--- Recorded information ---
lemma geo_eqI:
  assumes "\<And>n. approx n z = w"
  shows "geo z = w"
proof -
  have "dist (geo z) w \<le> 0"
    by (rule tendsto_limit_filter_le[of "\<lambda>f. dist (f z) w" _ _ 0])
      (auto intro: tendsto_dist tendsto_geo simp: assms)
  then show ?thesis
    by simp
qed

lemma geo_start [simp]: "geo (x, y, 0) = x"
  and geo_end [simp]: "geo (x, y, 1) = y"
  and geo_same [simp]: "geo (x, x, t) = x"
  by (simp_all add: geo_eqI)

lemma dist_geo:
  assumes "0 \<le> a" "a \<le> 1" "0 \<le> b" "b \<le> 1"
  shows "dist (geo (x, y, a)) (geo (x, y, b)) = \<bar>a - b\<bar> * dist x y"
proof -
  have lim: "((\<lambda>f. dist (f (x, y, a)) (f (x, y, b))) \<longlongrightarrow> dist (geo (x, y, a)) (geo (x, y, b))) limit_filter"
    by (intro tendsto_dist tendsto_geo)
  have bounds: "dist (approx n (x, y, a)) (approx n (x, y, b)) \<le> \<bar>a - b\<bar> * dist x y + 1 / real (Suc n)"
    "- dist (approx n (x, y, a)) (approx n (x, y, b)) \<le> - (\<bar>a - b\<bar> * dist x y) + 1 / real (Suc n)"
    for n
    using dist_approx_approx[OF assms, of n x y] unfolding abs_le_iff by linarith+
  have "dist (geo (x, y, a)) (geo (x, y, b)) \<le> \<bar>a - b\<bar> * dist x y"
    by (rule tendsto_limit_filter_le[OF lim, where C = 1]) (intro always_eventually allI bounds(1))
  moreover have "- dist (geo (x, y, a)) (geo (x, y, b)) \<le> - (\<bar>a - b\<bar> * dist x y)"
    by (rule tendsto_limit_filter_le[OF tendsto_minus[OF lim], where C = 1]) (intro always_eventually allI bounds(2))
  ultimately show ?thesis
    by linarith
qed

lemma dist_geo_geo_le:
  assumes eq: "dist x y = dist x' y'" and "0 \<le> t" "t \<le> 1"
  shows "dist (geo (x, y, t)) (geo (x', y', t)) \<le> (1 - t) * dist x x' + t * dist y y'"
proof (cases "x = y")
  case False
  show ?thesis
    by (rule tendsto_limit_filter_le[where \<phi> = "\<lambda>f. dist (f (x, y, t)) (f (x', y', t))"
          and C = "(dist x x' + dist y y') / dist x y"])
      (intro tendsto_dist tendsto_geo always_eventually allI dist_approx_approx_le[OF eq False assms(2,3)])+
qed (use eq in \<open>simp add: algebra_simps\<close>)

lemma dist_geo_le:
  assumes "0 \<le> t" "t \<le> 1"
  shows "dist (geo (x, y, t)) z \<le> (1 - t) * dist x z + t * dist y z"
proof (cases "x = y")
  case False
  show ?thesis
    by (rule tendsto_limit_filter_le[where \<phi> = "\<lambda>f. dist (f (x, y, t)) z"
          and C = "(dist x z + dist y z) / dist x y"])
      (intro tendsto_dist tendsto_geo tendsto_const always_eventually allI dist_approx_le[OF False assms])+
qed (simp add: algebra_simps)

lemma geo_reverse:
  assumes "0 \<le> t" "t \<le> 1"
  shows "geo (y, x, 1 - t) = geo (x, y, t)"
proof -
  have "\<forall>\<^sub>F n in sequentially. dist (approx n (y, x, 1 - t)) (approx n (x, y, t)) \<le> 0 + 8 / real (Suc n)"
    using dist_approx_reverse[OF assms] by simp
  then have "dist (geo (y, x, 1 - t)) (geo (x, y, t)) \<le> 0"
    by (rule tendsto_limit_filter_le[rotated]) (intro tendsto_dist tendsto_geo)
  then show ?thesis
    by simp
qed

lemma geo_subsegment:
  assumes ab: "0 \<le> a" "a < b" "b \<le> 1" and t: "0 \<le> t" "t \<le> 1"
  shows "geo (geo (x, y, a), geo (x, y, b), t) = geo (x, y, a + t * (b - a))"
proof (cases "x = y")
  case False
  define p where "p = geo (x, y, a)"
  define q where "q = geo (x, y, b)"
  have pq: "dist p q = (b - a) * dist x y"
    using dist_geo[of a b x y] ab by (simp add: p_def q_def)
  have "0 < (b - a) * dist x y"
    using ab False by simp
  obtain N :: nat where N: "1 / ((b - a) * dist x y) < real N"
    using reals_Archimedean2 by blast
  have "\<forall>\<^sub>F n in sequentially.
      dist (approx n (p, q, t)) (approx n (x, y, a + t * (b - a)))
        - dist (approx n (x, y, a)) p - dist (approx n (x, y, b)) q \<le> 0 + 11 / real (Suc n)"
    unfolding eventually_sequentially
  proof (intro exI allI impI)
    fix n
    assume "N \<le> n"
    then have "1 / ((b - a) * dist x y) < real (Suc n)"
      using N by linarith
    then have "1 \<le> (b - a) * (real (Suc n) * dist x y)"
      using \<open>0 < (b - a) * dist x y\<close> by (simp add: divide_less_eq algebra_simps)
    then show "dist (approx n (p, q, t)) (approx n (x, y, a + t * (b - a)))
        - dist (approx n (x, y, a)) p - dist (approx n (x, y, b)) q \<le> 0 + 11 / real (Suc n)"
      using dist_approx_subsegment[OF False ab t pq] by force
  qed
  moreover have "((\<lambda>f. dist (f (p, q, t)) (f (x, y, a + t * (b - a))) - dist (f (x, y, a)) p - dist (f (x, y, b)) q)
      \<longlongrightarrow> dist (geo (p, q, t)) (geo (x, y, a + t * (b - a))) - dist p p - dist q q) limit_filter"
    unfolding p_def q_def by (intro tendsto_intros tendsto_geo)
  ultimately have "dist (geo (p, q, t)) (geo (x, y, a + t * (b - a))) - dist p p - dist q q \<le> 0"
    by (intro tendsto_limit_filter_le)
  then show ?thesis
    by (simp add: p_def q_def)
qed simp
---
--- Recorded information ---
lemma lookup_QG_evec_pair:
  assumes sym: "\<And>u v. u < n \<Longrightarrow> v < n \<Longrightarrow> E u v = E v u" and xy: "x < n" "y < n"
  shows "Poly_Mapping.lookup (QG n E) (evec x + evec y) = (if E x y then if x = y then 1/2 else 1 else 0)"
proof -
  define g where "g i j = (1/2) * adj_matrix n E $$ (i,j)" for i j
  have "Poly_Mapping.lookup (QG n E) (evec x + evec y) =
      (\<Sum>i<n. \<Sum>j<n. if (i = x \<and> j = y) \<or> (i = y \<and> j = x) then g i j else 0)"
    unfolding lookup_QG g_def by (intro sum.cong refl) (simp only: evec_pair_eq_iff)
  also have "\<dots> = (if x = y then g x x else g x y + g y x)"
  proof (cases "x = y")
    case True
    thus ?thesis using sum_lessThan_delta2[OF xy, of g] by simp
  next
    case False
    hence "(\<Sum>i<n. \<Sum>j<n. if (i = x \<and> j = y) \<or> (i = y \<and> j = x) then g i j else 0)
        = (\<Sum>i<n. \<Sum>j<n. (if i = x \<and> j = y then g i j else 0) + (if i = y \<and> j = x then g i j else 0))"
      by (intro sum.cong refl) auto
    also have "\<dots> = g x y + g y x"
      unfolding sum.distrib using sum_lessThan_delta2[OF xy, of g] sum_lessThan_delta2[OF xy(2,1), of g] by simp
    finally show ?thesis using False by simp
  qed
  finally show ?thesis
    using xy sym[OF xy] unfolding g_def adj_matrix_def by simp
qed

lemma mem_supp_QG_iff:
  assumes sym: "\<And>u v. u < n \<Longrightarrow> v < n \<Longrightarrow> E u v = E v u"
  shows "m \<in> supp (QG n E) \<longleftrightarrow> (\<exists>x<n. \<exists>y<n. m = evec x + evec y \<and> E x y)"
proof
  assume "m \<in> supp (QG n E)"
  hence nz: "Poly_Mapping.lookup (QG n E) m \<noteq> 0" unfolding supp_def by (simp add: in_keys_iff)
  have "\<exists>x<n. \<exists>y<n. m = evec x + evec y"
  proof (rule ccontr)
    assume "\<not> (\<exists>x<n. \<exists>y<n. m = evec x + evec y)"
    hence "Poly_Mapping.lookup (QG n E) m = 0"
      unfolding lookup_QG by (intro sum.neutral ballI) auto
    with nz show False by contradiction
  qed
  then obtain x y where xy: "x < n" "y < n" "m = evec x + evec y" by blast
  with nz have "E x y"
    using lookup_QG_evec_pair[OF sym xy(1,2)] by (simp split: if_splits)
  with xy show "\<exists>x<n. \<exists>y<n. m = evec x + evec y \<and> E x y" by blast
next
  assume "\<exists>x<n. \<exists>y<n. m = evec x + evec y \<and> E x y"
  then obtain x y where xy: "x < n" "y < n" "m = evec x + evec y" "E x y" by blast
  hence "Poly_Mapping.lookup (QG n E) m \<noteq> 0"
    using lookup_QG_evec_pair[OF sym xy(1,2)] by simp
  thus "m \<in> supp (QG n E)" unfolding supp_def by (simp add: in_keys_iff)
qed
---
Each line above that contains the string "with" counts once; give the number of such lines and nothing more.

_Problem solution_. 3